I tried to solve an exercise of algebraic topology. Let $X$ be $(\mathbb{R}^3-\{(0,0,0)\})/\sim$, where $x\sim y$ means $x=y$ or $x=-y$. The question is finding homology groups of (Alexandroff) one-point compactification of $X$.
I think X is homotopy equivalence to the real projective plane $RP^2$. But $RP^2$ is compact, so I think one-point compactification of X is also $RP^2$. Then one-point compactification is meaningless. Am I wrong something?

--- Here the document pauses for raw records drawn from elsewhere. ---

text \<open>A deterministic algorithm: knows n, v, X, and chooses the next point to label
  as a function of the list of previously obtained labels.\<close>
type_synonym algorithm = "nat \<Rightarrow> vec \<Rightarrow> vec set \<Rightarrow> bool list \<Rightarrow> vec"

definition member_oracle :: "nat \<Rightarrow> vec \<Rightarrow> vec \<Rightarrow> bool" where
  "member_oracle n w x \<longleftrightarrow> dot n w x \<le> 1"

fun answers :: "algorithm \<Rightarrow> nat \<Rightarrow> vec \<Rightarrow> vec set \<Rightarrow> vec \<Rightarrow> nat \<Rightarrow> bool list" where
  "answers A n v X w 0 = []"
| "answers A n v X w (Suc j) =
     answers A n v X w j @ [member_oracle n w (A n v X (answers A n v X w j))]"

text \<open>The (j+1)-th point labeled by the algorithm (j counted from 0).\<close>
definition query :: "algorithm \<Rightarrow> nat \<Rightarrow> vec \<Rightarrow> vec set \<Rightarrow> vec \<Rightarrow> nat \<Rightarrow> vec" where
  "query A n v X w j = A n v X (answers A n v X w j)"

definition feasible :: "nat \<Rightarrow> vec set \<Rightarrow> vec \<Rightarrow> vec \<Rightarrow> bool" where
  "feasible n X w x \<longleftrightarrow> x \<in> X \<and> dot n w x \<le> 1"
lemma ivp_scale: "ivp_y l (c * a) (c * b) n = c * ivp_y l a b n"
  using ivp_linear[of l "c * a" "c * b" n] ivp_linear[of l a b n] by (simp add: algebra_simps)

lemma ivp_initial_eq_0_if_vanishing:
  assumes "ivp_y l a b m = 0" "ivp_qd l a b m = 0"
  shows "a = 0 \<and> b = 0"
  using assms
proof (induction m)
  case 0
  then show ?case by simp
next
  case (Suc m)
  then have "ivp_qd l a b m = 0" by (simp add: ivp_qd_Suc)
  moreover from this have "ivp_y l a b m = 0" using Suc.prems by (simp add: ivp_y_Suc)
  ultimately show ?case using Suc.IH by simp
qed

lemma ivp_initial_eq_0_if_consecutive_zeros:
  assumes "m < N" "ivp_y l a b m = 0" "ivp_y l a b (Suc m) = 0"
  shows "a = 0 \<and> b = 0"
proof -
  have "ivp_qd l a b m / of_real (f m) = 0" using assms by (simp add: ivp_y_Suc)
  then have "ivp_qd l a b m = 0" using f_nz[of m] assms(1) by simp
  then show ?thesis using ivp_initial_eq_0_if_vanishing assms(2) by blast
qed

lemma ivp_cnj:
  "ivp_y (cnj l) (cnj a) (cnj b) n = cnj (ivp_y l a b n) \<and> ivp_qd (cnj l) (cnj a) (cnj b) n = cnj (ivp_qd l a b n)"
  by (induction n) (simp_all add: ivp_y_Suc ivp_qd_Suc)

lemma weighted_sum_squares_pos:
  fixes g :: "nat \<Rightarrow> real"
  assumes "k \<in> {1..N}" "g k \<noteq> 0"
  shows "(\<Sum>j\<in>{1..N}. w j * (g j)\<^sup>2) > 0"
proof (rule sum_pos2[OF _ assms(1)])
  show "0 < w k * (g k)\<^sup>2" using assms w_pos by simp
  show "0 \<le> w j * (g j)\<^sup>2" if "j \<in> {1..N}" for j using that w_pos[of j] by simp
qed simp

EDIT 1 : One-point compactification $Z$ of $X$ is strictly same to the Thom space of the trivial line bundle over $\mathbb{R}P^2$. So we have: \begin{equation} H_i(Z;\mathbb{Z})\cong H_{i-1}(\mathbb{R}P^2;\mathbb{Z})\ (i \neq0), H_0(Z;\mathbb{Z})\cong \mathbb{Z}. \end{equation}
EDIT 2 : We can calculate the homology group by using an elementary Mayer-Vietoris argument without using any Thom isomorphism as follows. Let $M$ be a compact space and $X:=M\times\mathbb{R}$ (in the case of your question, $M=\mathbb{R}P^2$) . Now we want to calculate the homology group of one-point compactification $Z=X\cup\{\infty\}$. We have an open covering $\{U+,U-\}$ where $U_{+}:=M\times(-1,\infty)\cup\{\infty\}$ and $U_{-}:=M\times(-\infty,1)\cup\{\infty\}$. Note that $U_{\pm}$ are contractible and $U_+\cap U_-$ is homotopy equivalent to $M\sqcup\{\infty\}$. Using Mayer-Vietoris exact sequence, we have $\tilde H_i(Z;\mathbb{Z})\cong\tilde H_{i-1}(M\sqcup\{\infty\};\mathbb{Z})$.